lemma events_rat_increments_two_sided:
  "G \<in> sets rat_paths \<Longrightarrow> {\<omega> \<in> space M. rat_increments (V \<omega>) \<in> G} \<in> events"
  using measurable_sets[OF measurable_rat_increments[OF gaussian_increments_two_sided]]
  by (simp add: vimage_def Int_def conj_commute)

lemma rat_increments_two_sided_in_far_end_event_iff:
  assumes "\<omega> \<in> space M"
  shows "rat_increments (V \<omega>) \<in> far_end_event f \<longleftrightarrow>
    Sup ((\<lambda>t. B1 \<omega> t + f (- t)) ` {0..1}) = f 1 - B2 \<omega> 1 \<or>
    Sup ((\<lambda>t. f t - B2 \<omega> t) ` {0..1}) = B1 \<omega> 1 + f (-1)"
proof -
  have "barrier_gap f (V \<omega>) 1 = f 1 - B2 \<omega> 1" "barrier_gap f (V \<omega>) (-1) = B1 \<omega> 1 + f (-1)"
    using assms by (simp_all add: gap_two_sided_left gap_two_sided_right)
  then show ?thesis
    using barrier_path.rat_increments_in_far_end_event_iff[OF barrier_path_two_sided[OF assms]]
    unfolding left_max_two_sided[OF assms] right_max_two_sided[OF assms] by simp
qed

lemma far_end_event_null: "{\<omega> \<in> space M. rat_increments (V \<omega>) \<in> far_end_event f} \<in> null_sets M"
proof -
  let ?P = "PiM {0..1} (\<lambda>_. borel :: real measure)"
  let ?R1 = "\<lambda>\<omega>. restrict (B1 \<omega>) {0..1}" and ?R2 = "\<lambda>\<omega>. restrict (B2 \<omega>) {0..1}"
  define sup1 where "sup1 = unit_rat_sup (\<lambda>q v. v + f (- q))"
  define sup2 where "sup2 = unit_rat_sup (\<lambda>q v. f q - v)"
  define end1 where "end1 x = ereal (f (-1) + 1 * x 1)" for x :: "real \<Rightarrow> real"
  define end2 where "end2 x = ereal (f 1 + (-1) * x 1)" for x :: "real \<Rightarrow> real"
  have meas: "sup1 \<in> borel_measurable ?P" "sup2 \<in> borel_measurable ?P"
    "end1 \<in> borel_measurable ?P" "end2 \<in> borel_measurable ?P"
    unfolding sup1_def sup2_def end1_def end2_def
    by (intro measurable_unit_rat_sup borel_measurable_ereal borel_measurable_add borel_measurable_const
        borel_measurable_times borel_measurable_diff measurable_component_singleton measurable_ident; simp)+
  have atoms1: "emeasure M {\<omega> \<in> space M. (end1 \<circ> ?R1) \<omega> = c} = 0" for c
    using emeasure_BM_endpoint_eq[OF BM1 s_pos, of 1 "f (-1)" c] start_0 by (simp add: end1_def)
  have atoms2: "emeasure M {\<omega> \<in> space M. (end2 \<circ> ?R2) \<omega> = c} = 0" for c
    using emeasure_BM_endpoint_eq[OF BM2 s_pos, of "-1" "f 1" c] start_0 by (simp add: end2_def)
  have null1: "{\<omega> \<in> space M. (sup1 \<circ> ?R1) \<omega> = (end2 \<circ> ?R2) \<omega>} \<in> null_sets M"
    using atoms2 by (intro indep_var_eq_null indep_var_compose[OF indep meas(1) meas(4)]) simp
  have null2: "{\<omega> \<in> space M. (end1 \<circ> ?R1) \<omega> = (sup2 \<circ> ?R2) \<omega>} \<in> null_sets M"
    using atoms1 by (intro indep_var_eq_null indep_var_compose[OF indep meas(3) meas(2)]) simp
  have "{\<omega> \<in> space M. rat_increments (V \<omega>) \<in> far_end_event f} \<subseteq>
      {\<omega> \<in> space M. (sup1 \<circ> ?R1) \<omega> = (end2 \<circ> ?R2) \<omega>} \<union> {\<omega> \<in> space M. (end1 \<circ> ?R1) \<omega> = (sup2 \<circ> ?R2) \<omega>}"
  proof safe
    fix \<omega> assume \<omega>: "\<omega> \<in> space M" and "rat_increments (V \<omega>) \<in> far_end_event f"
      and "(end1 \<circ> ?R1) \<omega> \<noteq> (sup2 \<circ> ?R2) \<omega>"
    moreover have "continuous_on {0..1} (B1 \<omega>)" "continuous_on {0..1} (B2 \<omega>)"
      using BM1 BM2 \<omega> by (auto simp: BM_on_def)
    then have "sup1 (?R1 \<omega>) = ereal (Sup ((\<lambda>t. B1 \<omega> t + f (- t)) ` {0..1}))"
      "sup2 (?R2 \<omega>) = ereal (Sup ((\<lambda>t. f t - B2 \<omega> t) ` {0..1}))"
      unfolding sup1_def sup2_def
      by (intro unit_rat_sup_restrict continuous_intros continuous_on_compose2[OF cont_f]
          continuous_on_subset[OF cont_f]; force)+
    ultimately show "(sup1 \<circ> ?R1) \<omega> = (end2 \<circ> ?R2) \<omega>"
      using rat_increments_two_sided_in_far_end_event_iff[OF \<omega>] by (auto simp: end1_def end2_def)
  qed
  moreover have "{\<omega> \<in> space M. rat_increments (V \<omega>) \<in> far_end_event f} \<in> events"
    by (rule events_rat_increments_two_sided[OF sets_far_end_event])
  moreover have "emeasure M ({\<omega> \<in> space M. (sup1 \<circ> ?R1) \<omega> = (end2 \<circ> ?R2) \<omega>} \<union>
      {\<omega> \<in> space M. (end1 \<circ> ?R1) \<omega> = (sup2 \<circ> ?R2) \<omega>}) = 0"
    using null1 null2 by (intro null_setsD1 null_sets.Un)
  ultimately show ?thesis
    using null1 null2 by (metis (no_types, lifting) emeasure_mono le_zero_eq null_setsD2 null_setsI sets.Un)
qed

==

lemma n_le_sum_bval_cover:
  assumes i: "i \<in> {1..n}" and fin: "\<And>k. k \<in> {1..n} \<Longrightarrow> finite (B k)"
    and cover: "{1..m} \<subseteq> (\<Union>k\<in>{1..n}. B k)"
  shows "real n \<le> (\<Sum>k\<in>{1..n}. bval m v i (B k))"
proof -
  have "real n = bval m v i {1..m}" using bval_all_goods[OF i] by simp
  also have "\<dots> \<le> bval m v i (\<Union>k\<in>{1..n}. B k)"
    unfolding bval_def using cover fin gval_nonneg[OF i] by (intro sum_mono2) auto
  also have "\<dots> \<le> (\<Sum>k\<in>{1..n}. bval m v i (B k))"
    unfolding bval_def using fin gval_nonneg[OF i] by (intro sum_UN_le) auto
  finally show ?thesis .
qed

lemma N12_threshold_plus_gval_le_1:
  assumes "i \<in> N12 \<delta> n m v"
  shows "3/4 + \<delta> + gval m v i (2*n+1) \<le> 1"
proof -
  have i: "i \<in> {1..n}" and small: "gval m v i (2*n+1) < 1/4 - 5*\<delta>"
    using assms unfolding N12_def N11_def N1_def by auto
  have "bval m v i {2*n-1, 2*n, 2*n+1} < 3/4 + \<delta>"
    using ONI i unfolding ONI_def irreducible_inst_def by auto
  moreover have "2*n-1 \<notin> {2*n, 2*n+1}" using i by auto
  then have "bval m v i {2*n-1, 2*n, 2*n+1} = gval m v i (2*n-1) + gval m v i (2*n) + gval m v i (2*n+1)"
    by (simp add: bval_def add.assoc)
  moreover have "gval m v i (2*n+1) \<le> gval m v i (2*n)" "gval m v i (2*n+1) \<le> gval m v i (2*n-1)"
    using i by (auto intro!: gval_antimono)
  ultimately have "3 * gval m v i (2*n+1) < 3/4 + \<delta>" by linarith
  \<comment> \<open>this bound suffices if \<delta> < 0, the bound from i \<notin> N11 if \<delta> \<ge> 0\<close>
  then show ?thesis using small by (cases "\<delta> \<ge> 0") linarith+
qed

### EXERCISE INSTRUCTIONS
Filter the entries above and return only the lines holding "dots".

### RESPONSE TO THIS TASK
  also have "\<dots> \<le> bval m v i (\<Union>k\<in>{1..n}. B k)"
  also have "\<dots> \<le> (\<Sum>k\<in>{1..n}. bval m v i (B k))"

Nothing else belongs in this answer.